(PROBLEM TO SOLVE): The answer should contain every record below, output exactly.

Stored data entries
=== Begin Enclosure ===

lemma hamiltonian_permute_vec:
  fixes E :: "'n::finite \<Rightarrow> 'n \<Rightarrow> bool"
  assumes "graph_involution E \<sigma>"
  shows "hamiltonian E \<sigma> v Q *v permute_vec \<sigma> x = permute_vec \<sigma> (hamiltonian E \<sigma> v Q *v x)"
proof -
  let ?H = "hamiltonian E \<sigma> v Q"
  have inv: "\<And>i. \<sigma> (\<sigma> i) = i" and "bij \<sigma>" and E: "\<And>i j. E i j \<Longrightarrow> E (\<sigma> i) (\<sigma> j)"
    using assms by (auto simp: graph_involution_def)
  have "E (\<sigma> i) (\<sigma> j) = E i j" for i j by (metis E inv)
  moreover have "(\<sigma> i = \<sigma> j \<and> (\<sigma> i = v \<or> \<sigma> i = \<sigma> v)) = (i = j \<and> (i = v \<or> i = \<sigma> v))" for i j
    by (metis inv)
  ultimately have H: "?H $ \<sigma> i $ \<sigma> j = ?H $ i $ j" for i j
    by (simp add: hamiltonian_def)
  have "permute_vec \<sigma> (?H *v x) $ i = (?H *v permute_vec \<sigma> x) $ i" for i
  proof -
    have "permute_vec \<sigma> (?H *v x) $ i = (\<Sum>j\<in>UNIV. ?H $ \<sigma> i $ j * x $ j)"
      by (simp add: matrix_vector_mult_def)
    also have "\<dots> = (\<Sum>j\<in>UNIV. ?H $ \<sigma> i $ \<sigma> j * x $ \<sigma> j)"
      using \<open>bij \<sigma>\<close> by (intro sum.reindex_bij_betw[symmetric]) (simp add: bij_def bij_betw_def)
    also have "\<dots> = (?H *v permute_vec \<sigma> x) $ i"
      by (simp add: H matrix_vector_mult_def)
    finally show ?thesis .
  qed
  then show ?thesis by (simp add: vec_eq_iff)
qed

lemma simple_eigenvector_parity:
  fixes H :: "real^'n::finite^'n"
  assumes inv: "\<And>i. \<sigma> (\<sigma> i) = i" and comm: "\<And>x. H *v permute_vec \<sigma> x = permute_vec \<sigma> (H *v x)"
    and e: "H *v \<phi> = l *\<^sub>R \<phi>" and "\<phi> \<noteq> 0" and simple: "\<And>x. H *v x = l *\<^sub>R x \<Longrightarrow> \<exists>c. x = c *\<^sub>R \<phi>"
  obtains \<epsilon> where "\<epsilon> = 1 \<or> \<epsilon> = -1" and "permute_vec \<sigma> \<phi> = \<epsilon> *\<^sub>R \<phi>"
proof -
  have "H *v permute_vec \<sigma> \<phi> = l *\<^sub>R permute_vec \<sigma> \<phi>" using comm e by simp
  then obtain \<epsilon> where \<epsilon>: "permute_vec \<sigma> \<phi> = \<epsilon> *\<^sub>R \<phi>" using simple by blast
  have "1 *\<^sub>R \<phi> = (\<epsilon> * \<epsilon>) *\<^sub>R \<phi>" using permute_vec_involution[OF inv, of \<phi>] by (simp add: \<epsilon>)
  then have "\<epsilon> * \<epsilon> = 1" using \<open>\<phi> \<noteq> 0\<close> by (metis scaleR_cancel_right)
  then show ?thesis using that \<epsilon> square_eq_1_iff by blast
qed

lemma hamiltonian_form_axis_pair:
  fixes E :: "'n::finite \<Rightarrow> 'n \<Rightarrow> bool"
  assumes "simple_graph E" and "\<sigma> v \<noteq> v" and s: "s = 1 \<or> s = -1"
  defines "x \<equiv> axis v 1 + s *\<^sub>R axis (\<sigma> v) 1"
  shows "(Q - 1) * (norm x)\<^sup>2 \<le> x \<bullet> (hamiltonian E \<sigma> v Q *v x)"
proof -
  have entry: "axis i 1 \<bullet> (hamiltonian E \<sigma> v Q *v axis j 1)
      = (if E i j then 1 else 0) + (if i = j \<and> (i = v \<or> i = \<sigma> v) then Q else 0)" for i j
    by (simp add: inner_axis' matrix_vector_mult_basis column_def hamiltonian_def)
  have "E (\<sigma> v) v = E v (\<sigma> v)" and "\<not> E v v" and "\<not> E (\<sigma> v) (\<sigma> v)"
    using assms(1) by (auto simp: simple_graph_def)
  then have "x \<bullet> (hamiltonian E \<sigma> v Q *v x) = 2 * Q + 2 * s * (if E v (\<sigma> v) then 1 else 0)"
    using s assms(2)
    by (auto simp: x_def matrix_vector_right_distrib matrix_vector_mult_scaleR inner_add_left
        inner_add_right entry)
  moreover have "(norm x)\<^sup>2 = 2"
    using s assms(2)
    by (auto simp: power2_norm_eq_inner x_def inner_add_left inner_add_right inner_axis_axis)
  ultimately show ?thesis using s by (auto split: if_splits)
qed

lemma hamiltonian_parity_eigenvector_ge:
  fixes E :: "'n::finite \<Rightarrow> 'n \<Rightarrow> bool"
  assumes "simple_graph E" and "graph_involution E \<sigma>" and "\<sigma> v \<noteq> v" and s: "s = 1 \<or> s = -1"
  obtains z \<mu> where "z \<noteq> 0" and "hamiltonian E \<sigma> v Q *v z = \<mu> *\<^sub>R z"
    and "permute_vec \<sigma> z = s *\<^sub>R z" and "Q - 1 \<le> \<mu>"
proof -
  let ?H = "hamiltonian E \<sigma> v Q"
  have inv: "\<And>i. \<sigma> (\<sigma> i) = i" using assms(2) by (simp add: graph_involution_def)
  define S where "S = {x. permute_vec \<sigma> x = s *\<^sub>R x}"
  have S: "subspace S" unfolding subspace_def S_def by (auto simp: scaleR_add_right)
  have inv_S: "?H *v x \<in> S" if "x \<in> S" for x
    using that hamiltonian_permute_vec[OF assms(2), of v Q x, symmetric]
    by (simp add: S_def matrix_vector_mult_scaleR)
  define x0 :: "real^'n" where "x0 = axis v 1 + s *\<^sub>R axis (\<sigma> v) 1"
  have "x0 \<in> S"
    using s by (auto simp: S_def x0_def permute_vec_axis[OF inv] inv algebra_simps)
  moreover have "x0 $ v = 1" using assms(3) by (simp add: x0_def axis_def)
  then have "x0 \<noteq> 0" by auto
  ultimately have "S \<noteq> {0}" by blast
  then obtain z where zS: "z \<in> S" and nz: "norm z = 1"
    and max: "\<And>y. y \<in> S \<Longrightarrow> y \<bullet> (?H *v y) \<le> (z \<bullet> (?H *v z)) * (norm y)\<^sup>2"
    using rayleigh_quotient_attains_max[OF S] by blast
  define \<mu> where "\<mu> = z \<bullet> (?H *v z)"
  have "?H *v z = \<mu> *\<^sub>R z"
    using rayleigh_maximizer_is_eigenvector[OF hamiltonian_symmetric[OF assms(1)] S inv_S zS nz max]
    by (simp add: \<mu>_def)
  have "(Q - 1) * (norm x0)\<^sup>2 \<le> \<mu> * (norm x0)\<^sup>2"
    using hamiltonian_form_axis_pair[of E \<sigma> v s Q] assms(1,3) s max[OF \<open>x0 \<in> S\<close>]
    by (simp add: x0_def \<mu>_def)
  then have "Q - 1 \<le> \<mu>" using \<open>x0 \<noteq> 0\<close> by simp
  moreover have "z \<noteq> 0" using nz by auto
  ultimately show ?thesis
    using that \<open>?H *v z = \<mu> *\<^sub>R z\<close> zS by (simp add: S_def)
qed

=== End Enclosure ===

(EXERCISE ANSWER):
lemma hamiltonian_permute_vec:
  fixes E :: "'n::finite \<Rightarrow> 'n \<Rightarrow> bool"
  assumes "graph_involution E \<sigma>"
  shows "hamiltonian E \<sigma> v Q *v permute_vec \<sigma> x = permute_vec \<sigma> (hamiltonian E \<sigma> v Q *v x)"
proof -
  let ?H = "hamiltonian E \<sigma> v Q"
  have inv: "\<And>i. \<sigma> (\<sigma> i) = i" and "bij \<sigma>" and E: "\<And>i j. E i j \<Longrightarrow> E (\<sigma> i) (\<sigma> j)"
    using assms by (auto simp: graph_involution_def)
  have "E (\<sigma> i) (\<sigma> j) = E i j" for i j by (metis E inv)
  moreover have "(\<sigma> i = \<sigma> j \<and> (\<sigma> i = v \<or> \<sigma> i = \<sigma> v)) = (i = j \<and> (i = v \<or> i = \<sigma> v))" for i j
    by (metis inv)
  ultimately have H: "?H $ \<sigma> i $ \<sigma> j = ?H $ i $ j" for i j
    by (simp add: hamiltonian_def)
  have "permute_vec \<sigma> (?H *v x) $ i = (?H *v permute_vec \<sigma> x) $ i" for i
  proof -
    have "permute_vec \<sigma> (?H *v x) $ i = (\<Sum>j\<in>UNIV. ?H $ \<sigma> i $ j * x $ j)"
      by (simp add: matrix_vector_mult_def)
    also have "\<dots> = (\<Sum>j\<in>UNIV. ?H $ \<sigma> i $ \<sigma> j * x $ \<sigma> j)"
      using \<open>bij \<sigma>\<close> by (intro sum.reindex_bij_betw[symmetric]) (simp add: bij_def bij_betw_def)
    also have "\<dots> = (?H *v permute_vec \<sigma> x) $ i"
      by (simp add: H matrix_vector_mult_def)
    finally show ?thesis .
  qed
  then show ?thesis by (simp add: vec_eq_iff)
qed

lemma simple_eigenvector_parity:
  fixes H :: "real^'n::finite^'n"
  assumes inv: "\<And>i. \<sigma> (\<sigma> i) = i" and comm: "\<And>x. H *v permute_vec \<sigma> x = permute_vec \<sigma> (H *v x)"
    and e: "H *v \<phi> = l *\<^sub>R \<phi>" and "\<phi> \<noteq> 0" and simple: "\<And>x. H *v x = l *\<^sub>R x \<Longrightarrow> \<exists>c. x = c *\<^sub>R \<phi>"
  obtains \<epsilon> where "\<epsilon> = 1 \<or> \<epsilon> = -1" and "permute_vec \<sigma> \<phi> = \<epsilon> *\<^sub>R \<phi>"
proof -
  have "H *v permute_vec \<sigma> \<phi> = l *\<^sub>R permute_vec \<sigma> \<phi>" using comm e by simp
  then obtain \<epsilon> where \<epsilon>: "permute_vec \<sigma> \<phi> = \<epsilon> *\<^sub>R \<phi>" using simple by blast
  have "1 *\<^sub>R \<phi> = (\<epsilon> * \<epsilon>) *\<^sub>R \<phi>" using permute_vec_involution[OF inv, of \<phi>] by (simp add: \<epsilon>)
  then have "\<epsilon> * \<epsilon> = 1" using \<open>\<phi> \<noteq> 0\<close> by (metis scaleR_cancel_right)
  then show ?thesis using that \<epsilon> square_eq_1_iff by blast
qed

lemma hamiltonian_form_axis_pair:
  fixes E :: "'n::finite \<Rightarrow> 'n \<Rightarrow> bool"
  assumes "simple_graph E" and "\<sigma> v \<noteq> v" and s: "s = 1 \<or> s = -1"
  defines "x \<equiv> axis v 1 + s *\<^sub>R axis (\<sigma> v) 1"
  shows "(Q - 1) * (norm x)\<^sup>2 \<le> x \<bullet> (hamiltonian E \<sigma> v Q *v x)"
proof -
  have entry: "axis i 1 \<bullet> (hamiltonian E \<sigma> v Q *v axis j 1)
      = (if E i j then 1 else 0) + (if i = j \<and> (i = v \<or> i = \<sigma> v) then Q else 0)" for i j
    by (simp add: inner_axis' matrix_vector_mult_basis column_def hamiltonian_def)
  have "E (\<sigma> v) v = E v (\<sigma> v)" and "\<not> E v v" and "\<not> E (\<sigma> v) (\<sigma> v)"
    using assms(1) by (auto simp: simple_graph_def)
  then have "x \<bullet> (hamiltonian E \<sigma> v Q *v x) = 2 * Q + 2 * s * (if E v (\<sigma> v) then 1 else 0)"
    using s assms(2)
    by (auto simp: x_def matrix_vector_right_distrib matrix_vector_mult_scaleR inner_add_left
        inner_add_right entry)
  moreover have "(norm x)\<^sup>2 = 2"
    using s assms(2)
    by (auto simp: power2_norm_eq_inner x_def inner_add_left inner_add_right inner_axis_axis)
  ultimately show ?thesis using s by (auto split: if_splits)
qed

lemma hamiltonian_parity_eigenvector_ge:
  fixes E :: "'n::finite \<Rightarrow> 'n \<Rightarrow> bool"
  assumes "simple_graph E" and "graph_involution E \<sigma>" and "\<sigma> v \<noteq> v" and s: "s = 1 \<or> s = -1"
  obtains z \<mu> where "z \<noteq> 0" and "hamiltonian E \<sigma> v Q *v z = \<mu> *\<^sub>R z"
    and "permute_vec \<sigma> z = s *\<^sub>R z" and "Q - 1 \<le> \<mu>"
proof -
  let ?H = "hamiltonian E \<sigma> v Q"
  have inv: "\<And>i. \<sigma> (\<sigma> i) = i" using assms(2) by (simp add: graph_involution_def)
  define S where "S = {x. permute_vec \<sigma> x = s *\<^sub>R x}"
  have S: "subspace S" unfolding subspace_def S_def by (auto simp: scaleR_add_right)
  have inv_S: "?H *v x \<in> S" if "x \<in> S" for x
    using that hamiltonian_permute_vec[OF assms(2), of v Q x, symmetric]
    by (simp add: S_def matrix_vector_mult_scaleR)
  define x0 :: "real^'n" where "x0 = axis v 1 + s *\<^sub>R axis (\<sigma> v) 1"
  have "x0 \<in> S"
    using s by (auto simp: S_def x0_def permute_vec_axis[OF inv] inv algebra_simps)
  moreover have "x0 $ v = 1" using assms(3) by (simp add: x0_def axis_def)
  then have "x0 \<noteq> 0" by auto
  ultimately have "S \<noteq> {0}" by blast
  then obtain z where zS: "z \<in> S" and nz: "norm z = 1"
    and max: "\<And>y. y \<in> S \<Longrightarrow> y \<bullet> (?H *v y) \<le> (z \<bullet> (?H *v z)) * (norm y)\<^sup>2"
    using rayleigh_quotient_attains_max[OF S] by blast
  define \<mu> where "\<mu> = z \<bullet> (?H *v z)"
  have "?H *v z = \<mu> *\<^sub>R z"
    using rayleigh_maximizer_is_eigenvector[OF hamiltonian_symmetric[OF assms(1)] S inv_S zS nz max]
    by (simp add: \<mu>_def)
  have "(Q - 1) * (norm x0)\<^sup>2 \<le> \<mu> * (norm x0)\<^sup>2"
    using hamiltonian_form_axis_pair[of E \<sigma> v s Q] assms(1,3) s max[OF \<open>x0 \<in> S\<close>]
    by (simp add: x0_def \<mu>_def)
  then have "Q - 1 \<le> \<mu>" using \<open>x0 \<noteq> 0\<close> by simp
  moreover have "z \<noteq> 0" using nz by auto
  ultimately show ?thesis
    using that \<open>?H *v z = \<mu> *\<^sub>R z\<close> zS by (simp add: S_def)
qed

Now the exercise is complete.